CENTOS_MANTISBT_PROJECT_VERSION="8"
CentOS Linux release 8.3.2011
CentOS Linux release 8.3.2011
getenforce:
Enforcing
podman info:
arch: amd64
buildahVersion: 1.20.1
cgroupManager: cgroupfs
cgroupVersion: v1
conmon:
package: conmon-2.0.27-1.el8.1.5.x86_64
path: /usr/bin/conmon
version: 'conmon version 2.0.27, commit: '
cpus: 80
distribution:
distribution: '"centos"'
version: "8"
eventLogger: journald
hostname: turing
idMappings:
gidmap:
- container_id: 0
host_id: 2002
size: 1
- container_id: 1
host_id: 100000
size: 65536
uidmap:
- container_id: 0
host_id: 2002
size: 1
- container_id: 1
host_id: 100000
size: 65536
kernel: 4.18.0-240.22.1.el8_3.x86_64
linkmode: dynamic
memFree: 781801324544
memTotal: 809933586432
ociRuntime:
name: crun
package: crun-0.19.1-2.el8.3.1.x86_64
path: /usr/bin/crun
version: |-
crun version 0.19.1
commit: 1535fedf0b83fb898d449f9680000f729ba719f5
spec: 1.0.0
+SYSTEMD +SELINUX +APPARMOR +CAP +SECCOMP +EBPF +YAJL
os: linux
remoteSocket:
path: /run/user/2002/podman/podman.sock
security:
apparmorEnabled: false
capabilities: CAP_CHOWN,CAP_DAC_OVERRIDE,CAP_FOWNER,CAP_FSETID,CAP_KILL,CAP_NET_BIND_SERVICE,CAP_SETFCAP,CAP_SETGID,CAP_SETPCAP,CAP_SETUID,CAP_SYS_CHROOT
rootless: true
seccompEnabled: true
selinuxEnabled: true
slirp4netns:
executable: /usr/bin/slirp4netns
package: slirp4netns-1.1.8-4.el8.7.6.x86_64
version: |-
slirp4netns version 1.1.8
commit: d361001f495417b880f20329121e3aa431a8f90f
libslirp: 4.3.1
SLIRP_CONFIG_VERSION_MAX: 3
libseccomp: 2.4.3
swapFree: 42949668864
swapTotal: 42949668864
uptime: 29h 16m 48.14s (Approximately 1.21 days)
registries:
search:
- docker.io
- quay.io
store:
configFile: /home/user/.config/containers/storage.conf
containerStore:
number: 29
paused: 0
running: 0
stopped: 29
graphDriverName: overlay
graphOptions:
overlay.mount_program:
Executable: /usr/bin/fuse-overlayfs
Package: fuse-overlayfs-1.5.0-1.el8.5.3.x86_64
Version: |-
fusermount3 version: 3.2.1
fuse-overlayfs: version 1.5
FUSE library version 3.2.1
using FUSE kernel interface version 7.26
graphRoot: /home/user/.local/share/containers/storage
graphStatus:
Backing Filesystem: xfs
Native Overlay Diff: "false"
Supports d_type: "true"
Using metacopy: "false"
imageStore:
number: 28
runRoot: /run/user/2002/containers
volumePath: /home/user/.local/share/containers/storage/volumes
version:
APIVersion: 3.1.2
Built: 1619185402
BuiltTime: Fri Apr 23 14:43:22 2021
GitCommit: ""
GoVersion: go1.14.12
OsArch: linux/amd64
Version: 3.1.2
nvidia-smi | grep Version
NVIDIA-SMI 465.19.01 Driver Version: 465.19.01 CUDA Version: 11.3
cat /etc/nvidia-container-runtime/config.toml
disable-require = false
#swarm-resource = "DOCKER_RESOURCE_GPU"
#accept-nvidia-visible-devices-envvar-when-unprivileged = true
#accept-nvidia-visible-devices-as-volume-mounts = false
[nvidia-container-cli]
#root = "/run/nvidia/driver"
#path = "/usr/bin/nvidia-container-cli"
environment = []
#debug = "/var/log/nvidia-container-toolkit.log"

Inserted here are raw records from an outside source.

lemma quasiconcave_on_ereal_if_concave_on:
  assumes "concave_on S f"
  shows "quasiconcave_on S (\<lambda>x. ereal (f x))"
  unfolding quasiconcave_on_def
proof (intro ballI allI impI)
  fix x y and a :: real assume xy: "x \<in> S" "y \<in> S" and a: "0 \<le> a \<and> a \<le> 1"
  have "a * min (f x) (f y) + (1 - a) * min (f x) (f y) \<le> a * f x + (1 - a) * f y"
    using a by (intro add_mono mult_left_mono) auto
  also have "\<dots> \<le> f (a *\<^sub>R x + (1 - a) *\<^sub>R y)"
    using concave_onD[OF assms, of a y x] xy a by (simp add: add.commute)
  finally have "min (f x) (f y) \<le> f (a *\<^sub>R x + (1 - a) *\<^sub>R y)"
    by (simp add: algebra_simps)
  then show "min (ereal (f x)) (ereal (f y)) \<le> ereal (f (a *\<^sub>R x + (1 - a) *\<^sub>R y))"
    by (simp add: min_def split: if_splits)
qed

lemma quasiconcave_on_INF:
  fixes F :: "'a::real_vector \<Rightarrow> 'b \<Rightarrow> 'c::complete_linorder"
  assumes "\<And>b. quasiconcave_on S (\<lambda>x. F x b)"
  shows "quasiconcave_on S (\<lambda>x. INF b\<in>B. F x b)"
  unfolding quasiconcave_on_def
proof (intro ballI allI impI INF_greatest)
  fix x y b and a :: real assume "x \<in> S" "y \<in> S" "0 \<le> a \<and> a \<le> 1" "b \<in> B"
  then have "min (INF b\<in>B. F x b) (INF b\<in>B. F y b) \<le> min (F x b) (F y b)"
    by (intro min.mono INF_lower)
  also have "\<dots> \<le> F (a *\<^sub>R x + (1 - a) *\<^sub>R y) b"
    using assms \<open>x \<in> S\<close> \<open>y \<in> S\<close> \<open>0 \<le> a \<and> a \<le> 1\<close>
    by (simp add: quasiconcave_on_def)
  finally show "min (INF b\<in>B. F x b) (INF b\<in>B. F y b) \<le> F (a *\<^sub>R x + (1 - a) *\<^sub>R y) b" .
qed

lemma ereal_concave_on_INF:
  fixes h :: "'a::real_vector \<Rightarrow> 'b \<Rightarrow> real"
  assumes "\<And>b. concave_on S (\<lambda>x. h x b)"
  shows "ereal_concave_on S (\<lambda>x. INF b\<in>B. ereal (h x b))"
  unfolding ereal_concave_on_def
proof (intro ballI allI impI INF_greatest)
  fix x y b and a :: real assume xy: "x \<in> S" "y \<in> S" and a: "0 \<le> a \<and> a \<le> 1" and "b \<in> B"
  then have "ereal a * (INF b\<in>B. ereal (h x b)) + ereal (1 - a) * (INF b\<in>B. ereal (h y b))
        \<le> ereal a * ereal (h x b) + ereal (1 - a) * ereal (h y b)"
    by (intro add_mono ereal_mult_left_mono INF_lower) auto
  also have "\<dots> = ereal (a * h x b + (1 - a) * h y b)" by simp
  also have "\<dots> \<le> ereal (h (a *\<^sub>R x + (1 - a) *\<^sub>R y) b)"
    using concave_onD[OF assms, of a y x] xy a by (simp add: add.commute)
  finally show "ereal a * (INF b\<in>B. ereal (h x b)) + ereal (1 - a) * (INF b\<in>B. ereal (h y b))
                \<le> ereal (h (a *\<^sub>R x + (1 - a) *\<^sub>R y) b)" .
qed

lemma quadratic_form_transpose_mult:
  fixes M :: "real^'p^'n" and H :: "real^'n^'n"
  shows "v \<bullet> ((transpose M ** H ** M) *v v) = (M *v v) \<bullet> (H *v (M *v v))"
proof -
  have "(transpose M ** H ** M) *v v = transpose M *v (H *v (M *v v))"
    by (simp add: matrix_vector_mul_assoc matrix_mul_assoc)
  also have "\<dots> = (H *v (M *v v)) v* M" by simp
  finally show ?thesis by (metis inner_commute dot_lmul_matrix)
qed

lemma Xu_of_mult_eq:
  assumes "\<And>i. i \<notin> U \<Longrightarrow> z$i = 0"
  shows "Xu_of U X *v z = X *v z"
  using assms unfolding Xu_of_def
  by (auto simp: vec_eq_iff matrix_vector_mult_def intro!: sum.cong)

#ldcache = "/etc/ld.so.cache"
load-kmods = true
no-cgroups = true
#user = "root:video"
ldconfig = "@/sbin/ldconfig"
Thanks for creating the new issue @Ru13en
Here I would assume that kernel modules cannot be loaded by the NVIDIA container runtime hook. This also prevents the device nodes from being created. nvidia-smi
ends up loading the Kernel modules and creating the device nodes, but does seem to skip the creation of nvidia-uvm
and nvidia-uvm-tools
-- which is handled by the "Device Node verification" script that you mentioned.
Is it possible to run the script on startup of the system?
@elezar Yes, i fixed it creating a script that runs both commands at startup. However, is not a user friendly approach...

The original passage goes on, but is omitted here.